Further, many of the presented studies fail to consider how non-complying hubs may
negatively affect the diffusion process and possibly offset the abovementioned effects of the
hub seeding strategy. For example, hubs may not always adopt the new product seeded to
them. They can resist adoption especially when the new product does not match their norms
and beliefs (Iyengar, Van den Bulte, and Valente 2011, p. 211). Even if we assume that these
hubs would not spread negative information about the new product, their very act of
resistance may serve as a signal for observational learning by other members in the network
and have a negative impact on the diffusion process, as the opposite was suggested by
Iyengar, Van den Bulte, and Valente (2011, p. 210). More importantly, this negative impact
can also potentially be amplified through other hubs when we consider the potential effect of
homophily among hubs, as suggested by Goldenberg et al. (2009, p. 4).

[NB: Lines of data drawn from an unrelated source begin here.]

(* Let $F:\mathbb{R}^d\to\mathbb{R}^d$ be smooth and consider $\dot{x}=F(x)$. Let $\Psi:\mathbb{R}^d\times\mathbb{R}^d\to\mathbb{R}^d$ be smooth and satisfy the consistency conditions $$\Psi(x,x)=F(x),\qquad F'(x)=\Psi_1(x,x)+\Psi_2(x,x)\quad\text{for all }x.$$ Here $\Psi_1,\Psi_2$ are the $d\times d$ Jacobian matrices of $\Psi$ with respect to its first and second vector argument. Write $\bar\Psi_2=\Psi_2(\bar x,\bar x)$. Consider the scheme $x_{n+1}-x_n=\delta(\bar x)\,\Psi(x_n,x_{n+1})$ with $$\delta(\bar x)=\big(e^{h_nF'(\bar x)}-1\big)\Big(F'(\bar x)+\bar\Psi_2\big(e^{h_nF'(\bar x)}-1\big)\Big)^{-1}.$$ This scheme is locally exact at $\bar x$.
   Context: $F'(x)$ denotes the Jacobian matrix of $F$, assumed invertible at $\bar x$, and $1$ denotes the identity matrix. The linearization of $\dot{x}=F(x)$ around $\bar x$ is $\dot\xi=F'(\bar x)\xi+F(\bar x)$ with $\xi=x-\bar x$. Its exact discretization with time step $h_n$ is $$\xi_{n+1}=e^{h_nF'(\bar x)}\xi_n+\big(e^{h_nF'(\bar x)}-1\big)F'(\bar x)^{-1}F(\bar x).$$ The linearization of the scheme at $\bar x$ is obtained as follows: - substitute $x_n=\bar x+\xi_n$ and $x_{n+1}=\bar x+\xi_{n+1}$; - keep the matrix $\delta(\bar x)$ (which depends only on $\bar x$ and $h_n$) fixed; - keep only terms up to first order in $\xi_n,\xi_{n+1}$. The scheme is locally exact at $\bar x$ if this linear relation is identical with the exact discretization above, as a relation determining $\xi_{n+1}$ from $\xi_n$. *)

theory Defs
  imports "HOL-Analysis.Analysis"
begin

text \<open>Matrix powers and the matrix exponential for square matrices real^'n^'n
  (the library's exp is not available for this type, since the componentwise
  product on vec is not matrix multiplication).\<close>

fun mat_pow :: "real^'n^'n \<Rightarrow> nat \<Rightarrow> real^'n^'n" where
  "mat_pow A 0 = mat 1"
| "mat_pow A (Suc k) = A ** mat_pow A k"

definition mat_exp :: "real^'n^'n \<Rightarrow> real^'n^'n" where
  "mat_exp A = (\<Sum>k. (1 / fact k) *\<^sub>R mat_pow A k)"

end

theory Submission
  imports Defs
begin

text \<open>The scheme's relation between \<open>\<xi>\<close> and \<open>\<xi>'\<close> is linear. Put \<open>A = F'(xbar)\<close>,
  \<open>E = e\<^bsup>hA\<^esup>\<close> and write \<open>\<xi>' = \<xi> + (E - 1) w\<close>. Because \<open>A = \<Psi>\<^sub>1 + \<Psi>\<^sub>2\<close>, the \<open>\<Psi>\<^sub>2 (E - 1)\<close> term
  in the denominator of \<open>\<delta>\<close> cancels the implicit dependence on \<open>\<xi>'\<close>, and the equation for
  \<open>w\<close> collapses to \<open>A w = A \<xi> + F(xbar)\<close>. So \<open>w = \<xi> + A\<^sup>-\<^sup>1 F(xbar)\<close>, which is the exact
  discretization. The smoothness hypotheses only justify the linearization, which the
  statement already spells out.\<close>

lemma matrix_inv_right:
  fixes A :: "'a::field^'n^'n"
  assumes "invertible A"
  shows "A ** matrix_inv A = mat 1"
  using someI_ex[OF assms[unfolded invertible_def]] by (simp add: matrix_inv_def)

lemma matrix_inv_left:
  fixes A :: "'a::field^'n^'n"
  assumes "invertible A"
  shows "matrix_inv A ** A = mat 1"
  using someI_ex[OF assms[unfolded invertible_def]] by (simp add: matrix_inv_def)

lemma matrix_inv_mult_eq_iff:
  fixes A :: "'a::field^'n^'n"
  assumes "invertible A"
  shows "matrix_inv A *v b = w \<longleftrightarrow> A *v w = b"
  by (metis assms matrix_inv_left matrix_inv_right matrix_vector_mul_assoc matrix_vector_mul_lid)

lemma implicit_linear_step_iff:
  fixes A P Q M :: "'a::field^'n^'n" and c x y :: "'a^'n"
  assumes inv_A: "invertible A" and inv_D: "invertible (A + Q ** M)"
    and split_A: "A = P + Q"
  shows "y - x = (M ** matrix_inv (A + Q ** M)) *v (c + P *v x + Q *v y)
         \<longleftrightarrow> y = (M + mat 1) *v x + (M ** matrix_inv A) *v c"
proof -
  let ?D = "A + Q ** M"
  define w\<^sub>0 where "w\<^sub>0 = x + matrix_inv A *v c"
  have solve_w: "?D *v w = c + P *v x + Q *v (x + M *v w) \<longleftrightarrow> w = w\<^sub>0" for w
  proof -
    have "?D *v w = c + P *v x + Q *v (x + M *v w) \<longleftrightarrow> A *v w = A *v x + c"
      unfolding split_A
      by (auto simp: matrix_vector_mult_add_rdistrib matrix_vector_right_distrib
                     matrix_vector_mul_assoc[symmetric] algebra_simps)
    also have "\<dots> \<longleftrightarrow> matrix_inv A *v (A *v x + c) = w"
      using matrix_inv_mult_eq_iff[OF inv_A] by metis
    also have "\<dots> \<longleftrightarrow> w = w\<^sub>0"
      by (auto simp: w\<^sub>0_def matrix_vector_right_distrib matrix_vector_mul_assoc
                     matrix_inv_left[OF inv_A])
    finally show ?thesis .
  qed
  have rhs_form: "(M + mat 1) *v x + (M ** matrix_inv A) *v c = x + M *v w\<^sub>0"
    by (simp add: w\<^sub>0_def matrix_vector_mult_add_rdistrib matrix_vector_right_distrib
                  matrix_vector_mul_assoc)
  show ?thesis
  proof
    assume lhs: "y - x = (M ** matrix_inv ?D) *v (c + P *v x + Q *v y)"
    define w where "w = matrix_inv ?D *v (c + P *v x + Q *v y)"
    have y_eq: "y = x + M *v w"
      using lhs by (simp add: w_def matrix_vector_mul_assoc[symmetric] algebra_simps)
    have "?D *v w = c + P *v x + Q *v (x + M *v w)"
      using matrix_inv_mult_eq_iff[OF inv_D] y_eq w_def by metis
    then show "y = (M + mat 1) *v x + (M ** matrix_inv A) *v c"
      using solve_w y_eq rhs_form by simp
  next
    assume "y = (M + mat 1) *v x + (M ** matrix_inv A) *v c"
    then have y_eq: "y = x + M *v w\<^sub>0"
      using rhs_form by simp
    then have "matrix_inv ?D *v (c + P *v x + Q *v y) = w\<^sub>0"
      using solve_w matrix_inv_mult_eq_iff[OF inv_D] by metis
    then show "y - x = (M ** matrix_inv ?D) *v (c + P *v x + Q *v y)"
      using y_eq by (simp add: matrix_vector_mul_assoc[symmetric])
  qed
qed

theorem proposition4p3:
  fixes F :: "real^'n \<Rightarrow> real^'n"
    and DF :: "real^'n \<Rightarrow> real^'n^'n"
    and \<Psi> :: "real^'n \<Rightarrow> real^'n \<Rightarrow> real^'n"
    and \<Psi>1 \<Psi>2 :: "real^'n \<Rightarrow> real^'n \<Rightarrow> real^'n^'n"
    and xbar :: "real^'n"
    and h :: real
  assumes F_deriv: "\<And>x. (F has_derivative (\<lambda>v. DF x *v v)) (at x)"
    and \<Psi>_deriv: "\<And>x y. ((\<lambda>p. \<Psi> (fst p) (snd p)) has_derivative
                     (\<lambda>q. \<Psi>1 x y *v fst q + \<Psi>2 x y *v snd q)) (at (x, y))"
    and cons1: "\<And>x. \<Psi> x x = F x"
    and cons2: "\<And>x. DF x = \<Psi>1 x x + \<Psi>2 x x"
    and inv_DF: "invertible (DF xbar)"
    and inv_den: "invertible (DF xbar + \<Psi>2 xbar xbar ** (mat_exp (h *\<^sub>R DF xbar) - mat 1))"
  shows "let A = DF xbar;
             E = mat_exp (h *\<^sub>R A);
             \<delta> = (E - mat 1) ** matrix_inv (A + \<Psi>2 xbar xbar ** (E - mat 1))
         in \<forall>\<xi> \<xi>'. (\<xi>' - \<xi> = \<delta> *v (\<Psi> xbar xbar + \<Psi>1 xbar xbar *v \<xi> + \<Psi>2 xbar xbar *v \<xi>'))
                   \<longleftrightarrow> \<xi>' = E *v \<xi> + ((E - mat 1) ** matrix_inv A) *v F xbar"
proof -
  define E where "E = mat_exp (h *\<^sub>R DF xbar)"
  have "\<xi>' - \<xi> = ((E - mat 1) ** matrix_inv (DF xbar + \<Psi>2 xbar xbar ** (E - mat 1)))
                   *v (F xbar + \<Psi>1 xbar xbar *v \<xi> + \<Psi>2 xbar xbar *v \<xi>')
        \<longleftrightarrow> \<xi>' = E *v \<xi> + ((E - mat 1) ** matrix_inv (DF xbar)) *v F xbar" for \<xi> \<xi>'
    using implicit_linear_step_iff[OF inv_DF inv_den[folded E_def] cons2] by simp
  then show ?thesis
    unfolding Let_def E_def[symmetric] cons1 by blast
qed

end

In addition, some studies that used observational data from online social networks fail
to take into consideration that many users also communicate over many other channels such
as face-to-face meetings, e-mail, telephone, and other social media platforms. For example,
De Matos, Ferreira, and Krackhardt (2014, p. 1130) noted in their study that although they
knew many users have interacted through many other channels, they were not able to measure
it. From this perspective, experimental data may have an advantage, given the possibility to
design a setting to either include of exclude communications over other channels.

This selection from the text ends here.